I asked Chatty G to analyze the posts in this group that have the highest engagement (excluding admin posts) and make recommendations about how people could create better posts. This is what it said:
I’ve been spending some time looking at the posts here to figure out why some take off while others barely get seen — and the patterns are pretty clear. If you want your promo post to actually get attention (and not just disappear into the feed), here’s what I’ve noticed consistently works:
💡 1. Lead with something people care about — not just the name of your offer.
Instead of starting with “Join my group” or “Here’s my course,” open with a question, a challenge, or a common pain point your audience has. The best-performing posts usually make the reader think “Oh, that’s me.”
🎯 2. Keep the focus tight.
Posts that promote one clear thing — a free resource, a single workshop, a focused offer — get far more engagement than those that list everything you do.
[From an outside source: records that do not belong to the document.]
lemma emeasure_density_ray:
  fixes k :: "real \<Rightarrow> real"
  assumes ik: "integrable lborel k" and nn: "\<And>y. k y \<ge> 0"
  shows "emeasure (density lborel (\<lambda>y. ennreal (k y))) {x<..} =
    ennreal (integral\<^sup>L lborel (\<lambda>y. k y * indicator {x<..} y))"
proof -
  have [measurable]: "k \<in> borel_measurable lborel" using ik by (rule borel_measurable_integrable)
  have "emeasure (density lborel (\<lambda>y. ennreal (k y))) {x<..} =
      (\<integral>\<^sup>+ y. ennreal (k y) * indicator {x<..} y \<partial>lborel)"
    by (rule emeasure_density) (auto intro!: borel_open)
  also have "\<dots> = (\<integral>\<^sup>+ y. ennreal (k y * indicator {x<..} y) \<partial>lborel)"
    by (intro nn_integral_cong) (auto simp: indicator_def)
  also have "\<dots> = ennreal (integral\<^sup>L lborel (\<lambda>y. k y * indicator {x<..} y))"
  proof (rule nn_integral_eq_integral)
    show "integrable lborel (\<lambda>y. k y * indicator {x<..} y)"
      using integrable_mult_indicator[OF _ ik, of "{x<..}"] by (simp add: mult.commute)
  qed (use nn in \<open>simp add: indicator_def\<close>)
  finally show ?thesis .
qed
If you have multiple things to share, make separate posts over time.
📈 3. Show the benefit, not just the feature.
Telling people “I run a membership” is less compelling than “I help coaches sign their first 5 clients.” Always connect what you’re offering to the result it creates.
🤝 4. Make it feel like an invitation, not a sales pitch.
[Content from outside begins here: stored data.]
lemma integral_Icc_derivative:
  fixes P P' :: "real \<Rightarrow> real"
  assumes d: "\<forall>x\<in>{0..b}. (P has_real_derivative P' x) (at x within {0..b})"
    and c: "continuous_on {0..b} P'" and t: "t \<in> {0..b}"
  shows "integral\<^sup>L (lebesgue_on {0..t}) P' = P t - P 0"
proof -
  have "continuous_on {0..t} P'" using t by (intro continuous_on_subset[OF c]) auto
  then have "(P' has_integral (integral\<^sup>L (lebesgue_on {0..t}) P')) {0..t}"
    by (intro has_integral_integral_lebesgue_on continuous_imp_integrable_real) auto
  moreover have "(P' has_integral (P t - P 0)) {0..t}"
  proof (rule fundamental_theorem_of_calculus)
    show "(P has_vector_derivative P' x) (at x within {0..t})" if "x \<in> {0..t}" for x
      using d that t
      by (auto simp: has_real_derivative_iff_has_vector_derivative
          intro: has_vector_derivative_within_subset[of _ _ _ "{0..b}"])
  qed (use t in auto)
  ultimately show ?thesis by (rule has_integral_unique)
qed

lemma integrable_mult_continuous:
  fixes f c :: "real \<Rightarrow> real"
  assumes f: "integrable (lebesgue_on {0..s}) f" and c: "continuous_on {0..s} c"
  shows "integrable (lebesgue_on {0..s}) (\<lambda>t. f t * c t)"
proof -
  obtain B where B: "B \<ge> 0" "\<And>t. t \<in> {0..s} \<Longrightarrow> norm (c t) \<le> B"
    using continuous_on_compact_bound[OF compact_Icc c] by blast
  show ?thesis
  proof (rule Bochner_Integration.integrable_bound)
    show "integrable (lebesgue_on {0..s}) (\<lambda>t. B * norm (f t))" using f by simp
    show "(\<lambda>t. f t * c t) \<in> borel_measurable (lebesgue_on {0..s})"
      using borel_measurable_integrable[OF f] continuous_on_Icc_measurable[OF c]
      by measurable
    show "AE t in lebesgue_on {0..s}. norm (f t * c t) \<le> norm (B * norm (f t))"
      using B by (intro AE_I2) (auto simp: abs_mult mult.commute intro!: mult_right_mono)
  qed
qed

text \<open>It follows from integration by parts applied to \<open>P'\<close> and \<open>k\<close>.\<close>
lemma integral_product_rule:
  fixes P P' k :: "real \<Rightarrow> real"
  assumes d: "\<forall>x\<in>{0..b}. (P has_real_derivative P' x) (at x within {0..b})"
    and c: "continuous_on {0..b} P'"
    and k: "integrable (lebesgue_on {0..s}) k" and s: "s \<le> b" and t: "t \<in> {0..s}"
  shows "integrable (lebesgue_on {0..t}) (\<lambda>u. P' u * integral\<^sup>L (lebesgue_on {0..u}) k + P u * k u)"
    and "integral\<^sup>L (lebesgue_on {0..t}) (\<lambda>u. P' u * integral\<^sup>L (lebesgue_on {0..u}) k + P u * k u)
       = P t * integral\<^sup>L (lebesgue_on {0..t}) k"
proof -
  let ?M = "lebesgue_on {0..t}"
  define K where "K u = integral\<^sup>L (lebesgue_on {0..u}) k" for u
  have kt: "integrable ?M k" using t by (intro integrable_subinterval[OF k]) auto
  have "continuous_on {0..b} P"
    using d by (intro continuous_on_vector_derivative)
      (auto simp: has_real_derivative_iff_has_vector_derivative)
  then have cP: "continuous_on {0..t} P" using s t by (elim continuous_on_subset) auto
  have cP': "continuous_on {0..t} P'" using s t by (intro continuous_on_subset[OF c]) auto
  have iP'K: "integrable ?M (\<lambda>u. P' u * K u)"
    unfolding K_def by (intro continuous_imp_integrable_real continuous_intros cP'
        indefinite_integral_continuous_real kt)
  have iPk: "integrable ?M (\<lambda>u. P u * k u)"
    using integrable_mult_continuous[OF kt cP] by (simp add: mult.commute)
  show "integrable ?M (\<lambda>u. P' u * integral\<^sup>L (lebesgue_on {0..u}) k + P u * k u)"
    using iP'K iPk unfolding K_def by simp
  have FTC: "integral\<^sup>L (lebesgue_on {0..u}) P' = P u - P 0" if "u \<in> {0..t}" for u
    using that s t by (intro integral_Icc_derivative[OF d c]) auto
  have "integral\<^sup>L ?M (\<lambda>u. k u * integral\<^sup>L (lebesgue_on {0..u}) P')
      = integral\<^sup>L ?M (\<lambda>u. k u * (P u - P 0))"
    using FTC by (intro Bochner_Integration.integral_cong) auto
  then have "integral\<^sup>L ?M (\<lambda>u. P' u * K u) + integral\<^sup>L ?M (\<lambda>u. k u * (P u - P 0))
      = (P t - P 0) * K t"
    using indefinite_integral_by_parts[OF continuous_imp_integrable_real[OF cP'] kt] FTC t
    unfolding K_def by simp
  moreover have "integral\<^sup>L ?M (\<lambda>u. k u * (P u - P 0)) = integral\<^sup>L ?M (\<lambda>u. P u * k u) - P 0 * K t"
    using iPk kt unfolding K_def by (simp add: algebra_simps)
  ultimately show "integral\<^sup>L ?M (\<lambda>u. P' u * integral\<^sup>L (lebesgue_on {0..u}) k + P u * k u)
      = P t * integral\<^sup>L (lebesgue_on {0..t}) k"
    using iP'K iPk unfolding K_def by (simp add: algebra_simps)
qed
The posts with the most traction don’t pressure anyone. They share something valuable and then say, “If this sounds helpful, here’s where to go.” A soft invitation builds more trust here than a hard sell.
✨ 5. Demonstrate your value inside the post itself.
A short insight, quick tip, or example of your expertise within the post does more to build credibility than any list of credentials. It gives people a reason to believe you before they ever click.
None of this requires being pushy or salesy — it’s just about making sure your message is framed in a way that resonates. The more valuable and relevant we make our posts, the more this space will work for all of us.
What do you think? Have you noticed the same or different patterns?